[Opening SUPPLIED MATERIAL section]

(* Let $M=B\circ S$ with $S$ Poisson subsampling of rate $r$ and $B$ the Gaussian mechanism $B(y)=h(y)+V$, $h:\mathbb Y\to\mathbb R^D$, $V\sim\mathcal N(0,\sigma^2 I_D)$, $\sigma>0$. Let $L_2=\max_{y\simeq_\pm y'}\|h(y)-h(y')\|_2>0$. Then for all $x\simeq_{K_+,K_-}x'$, $$\Psi_\alpha(m_x\|m_{x'})\le\Psi_\alpha\Big(\sum_{i=1}^{K_-+1}f^{(1)}_i\,\mathrm{Binom}(i-1\mid K_-,r)\ \Big\|\ \sum_{j=1}^{K_++1}f^{(2)}_j\,\mathrm{Binom}(j-1\mid K_+,r)\Big),$$ where $f^{(1)}_i$ is the univariate normal density with mean $i-1$ and standard deviation $\sigma/L_2$, and $f^{(2)}_j$ is the univariate normal density with mean $-(j-1)$ and standard deviation $\sigma/L_2$.
   Context: Finite set $\mathbb A$, datasets $x\subseteq\mathbb A$, batches are subsets $y\subseteq x$. Poisson subsampling with rate $r$: $s_x(y)=r^{|y|}(1-r)^{|x|-|y|}$ for $y\subseteq x$; $m_x(z)=\sum_y b_y(z)s_x(y)$ where $b_y$ is the density of $B(y)$. $y\simeq_\pm y'$ iff one is obtained from the other by inserting or removing a single element. $x\simeq_{K_+,K_-}x'$ iff $x'=(x\setminus g_-)\cup g_+$ with $g_-\subseteq x$, $|g_-|=K_-$, $g_+\cap x=\emptyset$, $|g_+|=K_+$. $\mathrm{Binom}(k\mid n,r)=\binom nk r^k(1-r)^{n-k}$. $H_\alpha(p\|q)=\int\max\{p-\alpha q,0\}$ ($\alpha\ge0$), $\Lambda_\alpha(p\|q)=\int p^\alpha q^{1-\alpha}$ ($\alpha>1$); $\Psi_\alpha$ is either. *)

theory Defs
  imports "HOL-Probability.Probability"
begin

definition poisson_sub :: "real \<Rightarrow> 'a set \<Rightarrow> 'a set \<Rightarrow> real" where
  "poisson_sub r x y = (if y \<subseteq> x then r ^ card y * (1 - r) ^ (card x - card y) else 0)"

definition gauss_mech_density :: "real \<Rightarrow> ('b set \<Rightarrow> real ^ 'd) \<Rightarrow> 'b set \<Rightarrow> real ^ 'd \<Rightarrow> real" where
  "gauss_mech_density \<sigma> h y z = (\<Prod>i\<in>UNIV. normal_density (h y $ i) \<sigma> (z $ i))"

definition subsampled_density ::
  "real \<Rightarrow> real \<Rightarrow> ('b set \<Rightarrow> real ^ 'd) \<Rightarrow> 'b set \<Rightarrow> real ^ 'd \<Rightarrow> real" where
  "subsampled_density r \<sigma> h x z = (\<Sum>y\<in>Pow x. gauss_mech_density \<sigma> h y z * poisson_sub r x y)"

[Closing SUPPLIED MATERIAL section]

■ WHAT YOU ARE ASKED TO DO: Starting with the line that contains "Context: Finite set", return every line through the last one of the records, exactly as written.

■ PROBLEM SOLUTION:
   Context: Finite set $\mathbb A$, datasets $x\subseteq\mathbb A$, batches are subsets $y\subseteq x$. Poisson subsampling with rate $r$: $s_x(y)=r^{|y|}(1-r)^{|x|-|y|}$ for $y\subseteq x$; $m_x(z)=\sum_y b_y(z)s_x(y)$ where $b_y$ is the density of $B(y)$. $y\simeq_\pm y'$ iff one is obtained from the other by inserting or removing a single element. $x\simeq_{K_+,K_-}x'$ iff $x'=(x\setminus g_-)\cup g_+$ with $g_-\subseteq x$, $|g_-|=K_-$, $g_+\cap x=\emptyset$, $|g_+|=K_+$. $\mathrm{Binom}(k\mid n,r)=\binom nk r^k(1-r)^{n-k}$. $H_\alpha(p\|q)=\int\max\{p-\alpha q,0\}$ ($\alpha\ge0$), $\Lambda_\alpha(p\|q)=\int p^\alpha q^{1-\alpha}$ ($\alpha>1$); $\Psi_\alpha$ is either. *)

theory Defs
  imports "HOL-Probability.Probability"
begin

definition poisson_sub :: "real \<Rightarrow> 'a set \<Rightarrow> 'a set \<Rightarrow> real" where
  "poisson_sub r x y = (if y \<subseteq> x then r ^ card y * (1 - r) ^ (card x - card y) else 0)"

definition gauss_mech_density :: "real \<Rightarrow> ('b set \<Rightarrow> real ^ 'd) \<Rightarrow> 'b set \<Rightarrow> real ^ 'd \<Rightarrow> real" where
  "gauss_mech_density \<sigma> h y z = (\<Prod>i\<in>UNIV. normal_density (h y $ i) \<sigma> (z $ i))"

definition subsampled_density ::
  "real \<Rightarrow> real \<Rightarrow> ('b set \<Rightarrow> real ^ 'd) \<Rightarrow> 'b set \<Rightarrow> real ^ 'd \<Rightarrow> real" where
  "subsampled_density r \<sigma> h x z = (\<Sum>y\<in>Pow x. gauss_mech_density \<sigma> h y z * poisson_sub r x y)"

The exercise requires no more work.